These details and more are presented in a new overview of Nordic countries’ funding of research related to COVID-19. The report, compiled by NordForsk in the period February–April 2021, encompasses both ongoing and planned initiatives from public as well as private research funders in the Nordic region.
Read the report: Funding for COVID-19 related research in the Nordic countries 2020-2021
“This report shows that the Nordic research funders are capable of reacting quickly to a situation that demands rapid production of new knowledge to address major societal challenges,” says Arne Flåøyen, Director of NordForsk.
“The question is whether the system has been sufficiently able to conduct good quality assurance of all these activities planned within such a short time span,” Flåøyen adds.
Flåøyen also points to the opportunity for better coordination:
“The vast majority of these research activities now underway are being carried out within just one country each.

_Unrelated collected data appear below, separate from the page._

lemma \<Phi>_maps: "t \<in> {0..\<delta>} \<Longrightarrow> \<Phi> t ` cball_\<A> \<subseteq> cball_\<A>"
proof (intro image_subsetI IntI)
  fix x assume t: "t \<in> {0..\<delta>}" and x: "x \<in> cball_\<A>"
  then show "\<Phi> t x \<in> \<A>"
    by (simp add: \<Phi>_mem)
  have "0 \<in> cball_\<A>"
    using radius_pos by (simp add: commutant_zero)
  then have "norm (\<Phi> t x - \<Phi> t 0) \<le> 1/2 * radius"
    using \<Phi>_contraction[OF t x] x by (fastforce simp: dist_norm)
  moreover have "norm (\<Phi> t 0) \<le> radius / 2"
    using parameter_bounds(2)[OF t] t T_pos by (simp add: \<Phi>_zero)
  ultimately show "\<Phi> t x \<in> cball 0 radius"
    using norm_triangle_ineq2[of "\<Phi> t x" "\<Phi> t 0"] by simp
qed

lemma \<Phi>_lipschitz_in_parameter:
  assumes "x \<in> cball_\<A>"
  shows "dist (\<Phi> s x) (\<Phi> t x) \<le> norm q * (norm l + radius) / T * dist s t"
proof -
  have "\<Phi> s x - \<Phi> t x = ((t - s) / T) *\<^sub>R (q * (l + x))"
    by (simp add: \<Phi>_def algebra_simps diff_divide_distrib)
  moreover have "norm (q * (l + x)) \<le> norm q * (norm l + radius)"
    using assms norm_triangle_ineq[of l x]
    by (intro order_trans[OF norm_mult_ineq] mult_left_mono) auto
  ultimately show ?thesis
    using T_pos
    by (simp add: dist_norm dist_real_def abs_minus_commute divide_simps)
       (metis abs_ge_zero mult.commute mult_left_mono)
qed

lemma \<Phi>_fixpoint_iff: "\<Phi> t x = x \<longleftrightarrow> exp (transpose_sqmat x) * (1 - exp x) = (t / T) *\<^sub>R (q * (l + x))"
  by (auto simp: \<Phi>_def nonlinear_part_def)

I believe it would have been advantageous to coordinate more activities across the Nordic region and establish more Nordic-wide projects. That would make it easier to cooperate on using data from multiple countries, as well as raise the quality of the research.”

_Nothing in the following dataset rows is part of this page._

(* Let $Z$ be the tree obtained from four disjoint 3-stars $S_0,S_1,S_2,S_3$, where $S_i$ has center $u_i$ and leaves $a_i,b_i,c_i$, by identifying $c_0$ with $c_1$, $a_0$ with $c_2$, and $a_1$ with $c_3$ (so $Z$ has $13$ vertices, maximum degree $3$ and diameter $8$). Then $\gamma^{\rm ID}(Z)=8<\frac23|V(Z)|$.
   Context: An identifying code of a graph $G$ is a set $C\subseteq V(G)$ such that every vertex $v$ has $N[v]\cap C\neq\emptyset$ and for all distinct $u,v$, $N[u]\cap C \ne N[v]\cap C$, where $N[v]$ is the closed neighborhood; $\gamma^{\rm ID}(G)$ is its minimum size. *)

theory Defs
  imports Complex_Main
begin

definition closed_nbhd :: "'a set \<Rightarrow> ('a \<Rightarrow> 'a \<Rightarrow> bool) \<Rightarrow> 'a \<Rightarrow> 'a set" where
  "closed_nbhd V E v = {w \<in> V. w = v \<or> E v w}"

definition is_identifying_code :: "'a set \<Rightarrow> ('a \<Rightarrow> 'a \<Rightarrow> bool) \<Rightarrow> 'a set \<Rightarrow> bool" where
  "is_identifying_code V E C \<longleftrightarrow>
     C \<subseteq> V \<and>
     (\<forall>v\<in>V. closed_nbhd V E v \<inter> C \<noteq> {}) \<and>
     (\<forall>u\<in>V. \<forall>v\<in>V. u \<noteq> v \<longrightarrow> closed_nbhd V E u \<inter> C \<noteq> closed_nbhd V E v \<inter> C)"

definition gamma_ID :: "'a set \<Rightarrow> ('a \<Rightarrow> 'a \<Rightarrow> bool) \<Rightarrow> nat" where
  "gamma_ID V E = Min {card C | C. is_identifying_code V E C}"

text \<open>Vertex names after identification:
  C0 stands for c_0 = c_1, A0 for a_0 = c_2, A1 for a_1 = c_3.\<close>

datatype zv = U0 | U1 | U2 | U3 | A0 | B0 | C0 | A1 | B1 | A2 | B2 | A3 | B3

definition Z_V :: "zv set" where
  "Z_V = {U0, U1, U2, U3, A0, B0, C0, A1, B1, A2, B2, A3, B3}"

definition Z_edges :: "(zv \<times> zv) set" where
  "Z_edges = {(U0, A0), (U0, B0), (U0, C0),
              (U1, A1), (U1, B1), (U1, C0),
              (U2, A2), (U2, B2), (U2, A0),
              (U3, A3), (U3, B3), (U3, A1)}"

definition Z_E :: "zv \<Rightarrow> zv \<Rightarrow> bool" where
  "Z_E x y \<longleftrightarrow> (x, y) \<in> Z_edges \<or> (y, x) \<in> Z_edges"

end

theory Submission
  imports Defs
begin

(* Apart from C0, the tree Z consists of two disjoint branches of the same shape:
   B0 - U0 - A0 - U2 with leaves A2, B2 at U2, and B1 - U1 - A1 - U3 with leaves A3, B3 at U3.
   The two leaves at U2 force two code vertices among U2, A2, B2, and dominating B0 forces one
   among U0, B0.  A fourth one is forced as well: if A0 is not in the code, then A2 and B2 must be
   (to be separated from U2), and if moreover U2 is not, separating A0 from B0 and dominating A0
   force both B0 and U0.  So every identifying code has at least 8 vertices, and the eight vertices
   U_i, A_i form one. *)

lemma mem_closed_nbhd_self: "v \<in> closed_nbhd V E v \<longleftrightarrow> v \<in> V"
  by (simp add: closed_nbhd_def)

lemma is_identifying_codeD:
  assumes "is_identifying_code V E C"
  shows "C \<subseteq> V"
    and "v \<in> V \<Longrightarrow> closed_nbhd V E v \<inter> C \<noteq> {}"
    and "u \<in> V \<Longrightarrow> v \<in> V \<Longrightarrow> u \<noteq> v \<Longrightarrow> closed_nbhd V E u \<inter> C \<noteq> closed_nbhd V E v \<inter> C"
  using assms by (auto simp: is_identifying_code_def)

lemma gamma_ID_eqI:
  assumes "finite V" and "is_identifying_code V E C"
    and "\<And>D. is_identifying_code V E D \<Longrightarrow> card C \<le> card D"
  shows "gamma_ID V E = card C"
proof -
  have "{card D | D. is_identifying_code V E D} \<subseteq> {..card V}"
    using \<open>finite V\<close> by (auto dest: is_identifying_codeD(1) intro: card_mono)
  then have "finite {card D | D. is_identifying_code V E D}"
    by (rule finite_subset) simp
  then show ?thesis
    unfolding gamma_ID_def using assms(2,3) by (intro Min_eqI) auto
qed

lemma two_le_card_Int:
  assumes "finite A" "x \<in> C \<inter> A" "y \<in> C \<inter> A" "x \<noteq> y"
  shows "2 \<le> card (C \<inter> A)"
proof -
  have "card {x, y} \<le> card (C \<inter> A)"
    using assms by (intro card_mono) auto
  with \<open>x \<noteq> y\<close> show ?thesis by simp
qed

lemma identifying_code_pendant_pair:
  assumes C: "is_identifying_code V E C"
    and a: "closed_nbhd V E a = {s, a}" and b: "closed_nbhd V E b = {s, b}"
    and dist: "distinct [s, a, b]"
  shows "2 \<le> card (C \<inter> {s, a, b})"
proof -
  have V: "a \<in> V" "b \<in> V"
    using a b mem_closed_nbhd_self by fastforce+
  have "{s, a} \<inter> C \<noteq> {s, b} \<inter> C"
    using is_identifying_codeD(3)[OF C V] a b dist by simp
  then have "a \<in> C \<or> b \<in> C"
    by auto
  moreover have "s \<in> C \<or> a \<in> C" "s \<in> C \<or> b \<in> C"
    using is_identifying_codeD(2)[OF C V(1)] is_identifying_codeD(2)[OF C V(2)] a b by auto
  ultimately consider "a \<in> C" "b \<in> C" | "s \<in> C" "a \<in> C" | "s \<in> C" "b \<in> C"
    by blast
  then show ?thesis
  proof cases
    case 1
    with dist show ?thesis by (intro two_le_card_Int[of _ a _ b]) auto
  next
    case 2
    with dist show ?thesis by (intro two_le_card_Int[of _ s _ a]) auto
  next
    case 3
    with dist show ?thesis by (intro two_le_card_Int[of _ s _ b]) auto
  qed
qed

lemma identifying_code_branch:
  assumes C: "is_identifying_code V E C"
    and u2: "closed_nbhd V E u2 = {u2, a0, a2, b2}"
    and a2: "closed_nbhd V E a2 = {u2, a2}" and b2: "closed_nbhd V E b2 = {u2, b2}"
    and a0: "closed_nbhd V E a0 = {u0, u2, a0}" and b0: "closed_nbhd V E b0 = {u0, b0}"
    and dist: "distinct [u2, a2, b2, a0, u0, b0]"
  shows "4 \<le> card (C \<inter> {u2, a2, b2, a0, u0, b0})"
proof -
  have V: "u2 \<in> V" "a2 \<in> V" "b2 \<in> V" "a0 \<in> V" "b0 \<in> V"
    using u2 a2 b2 a0 b0 mem_closed_nbhd_self by fastforce+
  note dom = is_identifying_codeD(2)[OF C] and sep = is_identifying_codeD(3)[OF C]
  have star: "2 \<le> card (C \<inter> {u2, a2, b2})"
    using identifying_code_pendant_pair[OF C a2 b2] dist by simp
  have b0_dom: "u0 \<in> C \<or> b0 \<in> C"
    using dom[OF V(5)] b0 by auto
  have card_split:
    "card (C \<inter> {u2, a2, b2, a0, u0, b0}) = card (C \<inter> {u2, a2, b2}) + card (C \<inter> {a0, u0, b0})"
  proof -
    have "C \<inter> {u2, a2, b2, a0, u0, b0} = (C \<inter> {u2, a2, b2}) \<union> (C \<inter> {a0, u0, b0})"
      by auto
    moreover have "(C \<inter> {u2, a2, b2}) \<inter> (C \<inter> {a0, u0, b0}) = {}"
      using dist by auto
    ultimately show ?thesis
      by (simp add: card_Un_disjoint)
  qed
  consider "a0 \<in> C" | "a0 \<notin> C" "u2 \<in> C" | "a0 \<notin> C" "u2 \<notin> C"
    by blast
  then have "4 \<le> card (C \<inter> {u2, a2, b2}) + card (C \<inter> {a0, u0, b0})"
  proof cases
    case 1
    have "2 \<le> card (C \<inter> {a0, u0, b0})"
      using b0_dom
    proof
      assume "u0 \<in> C"
      with 1 dist show ?thesis by (intro two_le_card_Int[of _ a0 _ u0]) auto
    next
      assume "b0 \<in> C"
      with 1 dist show ?thesis by (intro two_le_card_Int[of _ a0 _ b0]) auto
    qed
    with star show ?thesis by simp
  next
    case 2
    have "b2 \<in> C"
      using sep[OF V(1) V(2)] u2 a2 dist 2 by auto
    moreover have "a2 \<in> C"
      using sep[OF V(1) V(3)] u2 b2 dist 2 by auto
    ultimately have "C \<inter> {u2, a2, b2} = {u2, a2, b2}"
      using 2 by auto
    with dist have "card (C \<inter> {u2, a2, b2}) = 3"
      by simp
    moreover have "card (C \<inter> {a0, u0, b0}) \<noteq> 0"
      using b0_dom by auto
    ultimately show ?thesis by linarith
  next
    case 3
    have "b0 \<in> C"
      using sep[OF V(4) V(5)] a0 b0 dist 3 by auto
    moreover have "u0 \<in> C"
      using dom[OF V(4)] a0 3 by auto
    ultimately have "2 \<le> card (C \<inter> {a0, u0, b0})"
      using dist by (intro two_le_card_Int[of _ u0 _ b0]) auto
    with star show ?thesis by simp
  qed
  with card_split show ?thesis by simp
qed

lemma Z_closed_nbhd:
  "closed_nbhd Z_V Z_E U0 = {U0, A0, B0, C0}"
  "closed_nbhd Z_V Z_E U1 = {U1, C0, A1, B1}"
  "closed_nbhd Z_V Z_E U2 = {U2, A0, A2, B2}"
  "closed_nbhd Z_V Z_E U3 = {U3, A1, A3, B3}"
  "closed_nbhd Z_V Z_E A0 = {U0, U2, A0}"
  "closed_nbhd Z_V Z_E B0 = {U0, B0}"
  "closed_nbhd Z_V Z_E C0 = {U0, U1, C0}"
  "closed_nbhd Z_V Z_E A1 = {U1, U3, A1}"
  "closed_nbhd Z_V Z_E B1 = {U1, B1}"
  "closed_nbhd Z_V Z_E A2 = {U2, A2}"
  "closed_nbhd Z_V Z_E B2 = {U2, B2}"
  "closed_nbhd Z_V Z_E A3 = {U3, A3}"
  "closed_nbhd Z_V Z_E B3 = {U3, B3}"
  by (auto simp: closed_nbhd_def Z_V_def Z_E_def Z_edges_def)

lemma card_Z_V: "card Z_V = 13"
  by (simp add: Z_V_def)

lemma Z_identifying_code:
  "is_identifying_code Z_V Z_E {U0, U1, U2, U3, A0, A1, A2, A3}" (is "is_identifying_code _ _ ?C")
proof -
  have "closed_nbhd Z_V Z_E u \<inter> ?C = closed_nbhd Z_V Z_E v \<inter> ?C \<Longrightarrow> u = v" for u v
    by (cases u; cases v; simp add: Z_closed_nbhd set_eq_iff; blast)
  moreover have "closed_nbhd Z_V Z_E v \<inter> ?C \<noteq> {}" for v
    by (cases v) (simp_all add: Z_closed_nbhd)
  ultimately show ?thesis
    unfolding is_identifying_code_def by (auto simp: Z_V_def)
qed

lemma card_identifying_code_Z:
  assumes C: "is_identifying_code Z_V Z_E C"
  shows "8 \<le> card C"
proof -
  have "4 \<le> card (C \<inter> {U2, A2, B2, A0, U0, B0})"
    by (rule identifying_code_branch[OF C]) (auto simp: Z_closed_nbhd)
  moreover have "4 \<le> card (C \<inter> {U3, A3, B3, A1, U1, B1})"
    by (rule identifying_code_branch[OF C]) (auto simp: Z_closed_nbhd)
  moreover have "finite C"
    using is_identifying_codeD(1)[OF C] by (rule finite_subset) (simp add: Z_V_def)
  then have "card (C \<inter> {U2, A2, B2, A0, U0, B0}) + card (C \<inter> {U3, A3, B3, A1, U1, B1}) \<le> card C"
    by (subst card_Un_disjoint[symmetric]) (auto intro: card_mono)
  ultimately show ?thesis by simp
qed

theorem mainTheorem15:
  shows "gamma_ID Z_V Z_E = 8 \<and> real (gamma_ID Z_V Z_E) < 2 / 3 * real (card Z_V)"
proof -
  have "finite Z_V"
    by (simp add: Z_V_def)
  moreover have "card {U0, U1, U2, U3, A0, A1, A2, A3} = 8"
    by simp
  ultimately have "gamma_ID Z_V Z_E = 8"
    using gamma_ID_eqI[OF _ Z_identifying_code] card_identifying_code_Z by metis
  then show ?thesis
    by (simp add: card_Z_V)
qed

end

Most funding for medical research
Not surprisingly, fully 58 per cent of the projects are in the realm of medicine and health. A total of NOK 1.9 billion has been allocated for research of this type. The next largest category is the social sciences, with 23 per cent of projects and NOK 751 million, followed by innovation (10 per cent, NOK 319 million).

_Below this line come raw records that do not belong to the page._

definition levi_form :: "(complex^'n::finite \<Rightarrow> real) \<Rightarrow> complex^'n \<Rightarrow> complex^'n \<Rightarrow> complex" where
  "levi_form f p w =
     (\<Sum>j\<in>UNIV. \<Sum>k\<in>UNIV. dz j (dzbar k (\<lambda>z. complex_of_real (f z))) p * w$j * cnj (w$k))"

definition C2_on :: "(complex^'n::finite \<Rightarrow> real) \<Rightarrow> (complex^'n) set \<Rightarrow> bool" where
  "C2_on f U \<longleftrightarrow>
     (\<forall>x\<in>U. f differentiable at x) \<and>
     (\<forall>v. \<forall>x\<in>U. (\<lambda>y. frechet_derivative f (at y) v) differentiable at x) \<and>
     (\<forall>u v. continuous_on U (\<lambda>y. frechet_derivative (\<lambda>y'. frechet_derivative f (at y') v) (at y) u))"

definition strictly_psh_on :: "(complex^'n::finite \<Rightarrow> real) \<Rightarrow> (complex^'n) set \<Rightarrow> bool" where
  "strictly_psh_on f U \<longleftrightarrow> open U \<and> C2_on f U \<and>
     (\<forall>p\<in>U. \<forall>w. w \<noteq> 0 \<longrightarrow> Re (levi_form f p w) > 0)"

end

theory Submission
  imports Defs
begin
(* In the setting below with $P=\mathfrak A$, the worst case setting and the absolute error criterion, suppose $\lambda_1<1$. Then the following are equivalent: (a) $\{S_d\}$ is strongly polynomially tractable; (b) $\{S_d\}$ is polynomially tractable; (c) there exists $\tau\in(0,\infty)$ with $\lambda\in\ell_\tau$. The same equivalences hold if $\lambda_1\ge1$ and $\#I_d$ grows linearly with $d$, i.e. there is $c>0$ with $\#I_d\ge c\,d$ for all sufficiently large $d$.
   Context: Setting: $S_1:H_1\to G_1$ is a compact linear operator between real Hilbert spaces ($H_1$ infinite-dimensional separable); $\lambda=(\lambda_m)_{m\in\mathbb N}$, $\lambda_1\ge\lambda_2\ge\dots\ge0$, are the eigenvalues of $S_1^\dagger S_1$. $S_d=S_1^{\otimes d}:H_1^{\otimes d}\to G_1^{\otimes d}$. For each $d$ fix $\emptyset\ne I_d=\{i_1<\dots<i_{a_d}\}\subset\{1,\dots,d\}$ ($I_1=\{1\}$), put $a_d=\#I_d$, $b_d=d-a_d$, and fix one type $P\in\{\mathfrak S,\mathfrak A\}$ for all $d$; the problem $\{S_d\}$ is the family of restrictions of $S_d$ to the $I_d$-symmetric subspace (if $P=\mathfrak S$) or $I_d$-antisymmetric subspace (if $P=\mathfrak A$) of $H_1^{\otimes d}$, i.e. the range of $\frac1{a_d!}\sum_{\pi}(\pm1)U_\pi$, the sum over permutations $\pi$ of $\{1,\dots,d\}$ fixing all points outside $I_d$, $U_\pi(f_1\otimes\cdots\otimes f_d)=f_{\pi(1)}\otimes\cdots\otimes f_{\pi(d)}$, sign $(-1)^{|\pi|}$ used for $\mathfrak A$. Let $\nabla_d=\{k\in\mathbb N^d:k_{i_1}\le\dots\le k_{i_{a_d}}\}$ for $P=\mathfrak S$ and with strict inequalities for $P=\mathfrak A$; $\lambda_{d,k}=\prod_{l=1}^d\lambda_{k_l}$; $\psi:\mathbb N\to\nabla_d$ a bijection with $\lambda_{d,\psi(1)}\ge\lambda_{d,\psi(2)}\ge\cdots$. These are exactly the eigenvalues of $S_d^\dagger S_d$ on the subspace, and the information complexity (absolute error) is $n(\epsilon,d)=\#\{k\in\nabla_d:\lambda_{d,k}>\epsilon^2\}$, the initial error $\epsilon^{\rm init}_d=\sqrt{\lambda_{d,\psi(1)}}$ (equal to $\lambda_1^{d/2}$ if $P=\mathfrak S$, and $\sqrt{\lambda_1^{b_d}\lambda_1\lambda_2\cdots\lambda_{a_d}}$ if $P=\mathfrak A$). Polynomially tractable: $\exists C,p>0,q\ge0$ with $n(\epsilon,d)\le C\epsilon^{-p}d^q$ for all $d\in\mathbb N,\epsilon\in(0,1]$; strongly polynomially tractable: this with $q=0$. Standing assumptions: $\lambda_2>0$ and $\epsilon_d^{\rm init}>0$ for all $d$. $\ell_\tau$: sequences with $\|\lambda\|_{\ell_\tau}^\tau=\sum_m\lambda_m^\tau<\infty$. *)

theory Defs
  imports "HOL-Analysis.Analysis"
begin

text \<open>The univariate eigenvalue sequence is \<open>lam :: nat \<Rightarrow> real\<close>, indexed from 1
  (\<open>lam 1 = \<lambda>\<^sub>1\<close>, \<open>lam 2 = \<lambda>\<^sub>2\<close>, ...; the value \<open>lam 0\<close> is irrelevant).
  A multi-index \<open>k \<in> \<nat>\<^sup>d\<close> is a function \<open>nat \<Rightarrow> nat\<close> with \<open>k l \<ge> 1\<close> for
  \<open>l \<in> {1..d}\<close> and \<open>k l = 0\<close> outside \<open>{1..d}\<close>.\<close>

definition eigen_seq :: "(nat \<Rightarrow> real) \<Rightarrow> bool" where
  "eigen_seq lam \<longleftrightarrow> (\<forall>m\<ge>1. 0 \<le> lam (Suc m) \<and> lam (Suc m) \<le> lam m)
     \<and> ((\<lambda>m. lam m) \<longlonglongrightarrow> 0)"

definition index_family :: "(nat \<Rightarrow> nat set) \<Rightarrow> bool" where
  "index_family I \<longleftrightarrow> I 1 = {1} \<and> (\<forall>d\<ge>1. I d \<noteq> {} \<and> I d \<subseteq> {1..d})"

Large differences by nation
The Nordic countries differ greatly in how much and what type of research they are funding.
Sweden has allocated NOK 1.552 billion for COVID-19 research, which is 47 per cent of the total NOK 3.3 billion allocated or earmarked for COVID-19 research. Finland has allocated NOK 608 million (19 per cent), Denmark NOK 522 million (16 per cent), Norway NOK 506 million (15 per cent), Iceland NOK 8 million and the Faroe Islands NOK 4 million, while NordForsk and other Nordic funders have contributed NOK 68 million, or 2 per cent.

In Sweden, Denmark and Iceland, medicine and health projects have received the most funding. This is particularly true of Sweden and Iceland, where 80 and 82 percent, respectively, of funding is for this area, with Denmark at 51 per cent.
Norway and Finland, on the other hand, have funded mostly social science research. In Norway this funding comprises 67 per cent of its total research related to COVID-19, while 44 per cent of funding in Finland goes to this type of research. Here the contrast to Sweden and Denmark is stark: 14 per cent of the Danish funding is social science-related, and in Sweden just 4 per cent.